Наступил послеобеденный тихий час, и я пошел на игровые участки детсада пострелять из подаренного мне мамой и сестрой ружья. Самым зеленым участком был сектор малышовой группы. Он весь зарос акациями, в которых всегда кричали и дрались между собой воробьи. Я пошел на этот участок. Охота на воробьев окончилась ничем. Мои пули не попадали в них и не могли причинить им вреда. О таком оружии, как простая рогатка, я в те годы даже не подозревал. Ружье перестало развлекать меня. Видимо, я действительно вышел из возраста игрушечных ружей, если даже охота на воробьев с игрушечным ружьем перестала увлекать меня.
Я адаптировался к жизни «на воле», начал привыкать к свободе передвижений и к свободе выбора занятий. Я начал привыкать к жизни вольных людей, но повадки бывшей «сиделой птички» нет-нет да и прорывались в манерах моего поведения.
Во мне мало-помалу стал пробуждаться будущий герменевт. Я хотел понять, что случилось на моем коротком веку, что случилось с нашей страной, нашим государством и со всеми нами.
Однажды – это было еще в Потьме – мы разучивали песню про комиссаров:
Я никогда после лагеря ни от кого не слышал этой песни, но помню, что разучивала ее с нами новенькая, только что присланная женщина-арестантка. Если это было в 1942 г., то мне тогда шел уже пятый год, так как дело было поздней осенью.
Я не знал, что означает слово «комиссар», и спросил ее об этом. Она очень странно взглянула на меня. Я до сих пор не могу понять, почему ее взгляд показался мне странным и, особенно, почему он так запомнился мне. Это какая-то мистика. Она чем-то неуловимым напоминала непрозрачную русалку из повести Н. В. Гоголя «Майская ночь, или Утопленница». По этой непрозрачности Левко, герой повести «Майская ночь», вычислил ее как ведьму, спрятавшуюся меж прозрачных русалок-утопленниц.

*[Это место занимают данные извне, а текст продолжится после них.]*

text \<open>
  With \<open>\<eta>\<^sub>n = n (\<theta>\<^sub>n - \<theta>\<^sub>*)\<close> the algorithm is a linear two-step recursion driven by the noise, so
  \<open>\<eta>\<^sub>N = P\<^sub>N \<eta>\<^sub>1 + \<Sum>\<^sub>j ((j - 1) \<alpha> + \<beta>) P\<^bsub>N+1-j\<^esub> \<epsilon>\<^sub>j\<close>, where \<open>P\<^sub>m\<close> solves the homogeneous recursion.
  On an eigenvector of \<open>H\<close> with eigenvalue \<open>\<lambda>\<close>, \<open>P\<^sub>m\<close> acts as a scalar sequence \<open>s\<^sub>m\<close> of the same
  recursion with \<open>a = \<alpha> \<lambda>\<close> and \<open>b = \<beta> \<lambda>\<close>. As long as \<open>a + b \<le> 2\<close>, a conserved quantity of that
  recursion gives \<open>(a + b) s\<^sub>m\<^sup>2 \<le> 2 m\<close> and a Lyapunov function gives \<open>a s\<^sub>m\<^sup>2 \<le> 2\<close>; diagonalising \<open>H\<close>,
  \<open>\<langle>P\<^sub>m v, H P\<^sub>m v\<rangle>\<close> is at most \<open>2/\<alpha>\<close> resp. \<open>2 m/(\<alpha> + \<beta>)\<close> times \<open>|v|\<^sup>2\<close>.
  Finally \<open>f(\<theta>\<^sub>N) - f(\<theta>\<^sub>*) = \<langle>\<eta>\<^sub>N, H \<eta>\<^sub>N\<rangle> / (2 N\<^sup>2)\<close>, and because the noise is centred and
  uncorrelated, the expectation of this quadratic form splits into the deterministic term and one
  term per noise vector, each bounded by the same constant times \<open>tr C\<close>.
\<close>

section \<open>A scalar two-step recursion\<close>

fun mode_seq :: "real \<Rightarrow> real \<Rightarrow> nat \<Rightarrow> real" where
  "mode_seq a b 0 = 0"
| "mode_seq a b (Suc 0) = 1"
| "mode_seq a b (Suc (Suc m)) = (2 - a - b) * mode_seq a b (Suc m) - (1 - b) * mode_seq a b m"

lemma mode_seq_invariant:
  "(mode_seq a b (Suc m))\<^sup>2 - (2 - a - b) * mode_seq a b (Suc m) * mode_seq a b m
     + (1 - b) * (mode_seq a b m)\<^sup>2 = (1 - b) ^ m"
proof (induction m)
  case 0
  then show ?case by simp
next
  case (Suc m)
  define y z where "y = mode_seq a b (Suc m)" and "z = mode_seq a b m"
  have "(mode_seq a b (Suc (Suc m)))\<^sup>2 - (2 - a - b) * mode_seq a b (Suc (Suc m)) * y + (1 - b) * y\<^sup>2
      = (1 - b) * (y\<^sup>2 - (2 - a - b) * y * z + (1 - b) * z\<^sup>2)"
    by (simp add: y_def z_def algebra_simps power2_eq_square)
  with Suc.IH show ?case by (simp add: y_def z_def)
qed

lemma mode_seq_sq_le_linear:
  assumes "0 \<le> a" "0 \<le> b" "a + b \<le> 2"
  shows "(a + b) * (mode_seq a b m)\<^sup>2 \<le> 2 * real m"
proof (induction m)
  case 0
  then show ?case by simp
next
  case (Suc m)
  define y z where "y = mode_seq a b (Suc m)" and "z = mode_seq a b m"
  have inv: "y\<^sup>2 - (2 - a - b) * y * z + (1 - b) * z\<^sup>2 = (1 - b) ^ m"
    using mode_seq_invariant[of a b m] by (simp add: y_def z_def)
  have "\<bar>1 - b\<bar> ^ m \<le> 1"
    using assms by (intro power_le_one) auto
  then have "(1 - b) ^ m \<le> 1"
    by (metis abs_le_D1 power_abs order.trans)
  moreover have "(2 - a - b) * y * z \<le> (2 - a - b) * (y\<^sup>2 + z\<^sup>2) / 2"
  proof -
    have "0 \<le> (2 - a - b) * (y - z)\<^sup>2" using assms by simp
    then show ?thesis by (simp add: algebra_simps power2_eq_square)
  qed
  ultimately have "(a + b) * y\<^sup>2 \<le> 2 + (b - a) * z\<^sup>2"
    using inv by (simp add: algebra_simps power2_eq_square)
  moreover have "0 \<le> a * z\<^sup>2" using assms by simp
  ultimately show ?case using Suc.IH by (simp add: y_def z_def algebra_simps)
qed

Новенькая женщина-арестантка еще раз странно посмотрела на меня и сказала: «Вот ты скоро вырастешь и пойдешь в школу. Если будешь хорошо учиться, научишься писать, читать и считать, тогда ты тоже станешь комиссаром. И тебя все будут любить, потому что комиссаром становится тот, кто знает, что делать, чтобы приблизить победу».
Именно эта женщина-арестантка пробудила во мне тягу к учению. Я очень захотел учиться, но почему-то стал бояться этой новенькой арестантки. Исчезла она из нашей лагерной жизни так же внезапно, как и появилась.
Школа – осознанный путь к осознанной свободе
Первого сентября Лиля отвела меня в школу № 9 (у мамы было суточное дежурство в детсаду). Мы сразу же пришли в классы. Лиля узнала у нашей учительницы, что ее зовут Галина Андреевна и что сегодня будет всего четыре урока, т. е. в 12.00 я могу быть уже дома.
Самое главное, думал я, это поскорее научиться читать. Но оказалось, что сначала надо изучить алфавит. Этим и занялась с нами, первоклашками, Галина Андреевна. Сначала мы учились писать простыми и химическими карандашами, потом, после Нового года, в третьей четверти, стали пользоваться чернилами.
У нашего поколения школьников был очень красивый букварь. Когда его заменили более современными букварями, я понял, как сильно деградировала советская педагогика, занимающаяся начальным обучением.
Первый послевоенный букварь был сделан мастерски. На твердой обложке была размещена репродукция картины великого русского художника Исаака Левитана, родившегося в бедной еврейской семье. Все иллюстрации были такого высокого полиграфического качества, какого я не встречал больше ни в каких изданиях букваря. И я до сих пор не понимаю, почему Сталин не установил свою премию художникам, авторам и издателям этого букваря, по которому усваивали русскую грамоту первые школьники послевоенного набора.
Конечно, страна лежала в руинах, напрягала все силы для восстановления народного хозяйства, но то, что издали такой изумительной красоты букварь, – это говорило о силе духа и воле к знанию, к истине и красоте. Ни буквари брежневской эпохи, ни буквари хрущевского времени в подметки не годятся тому букварю, по которому учились мы, пришедшие в первый класс первого сентября 1947 г. Это было самым ярким событием моей жизни «на воле». Даже поездка в Москву из лагеря в Потьме не оставила такого яркого и глубокого впечатления в моей душе, как овладение первым послевоенным букварем.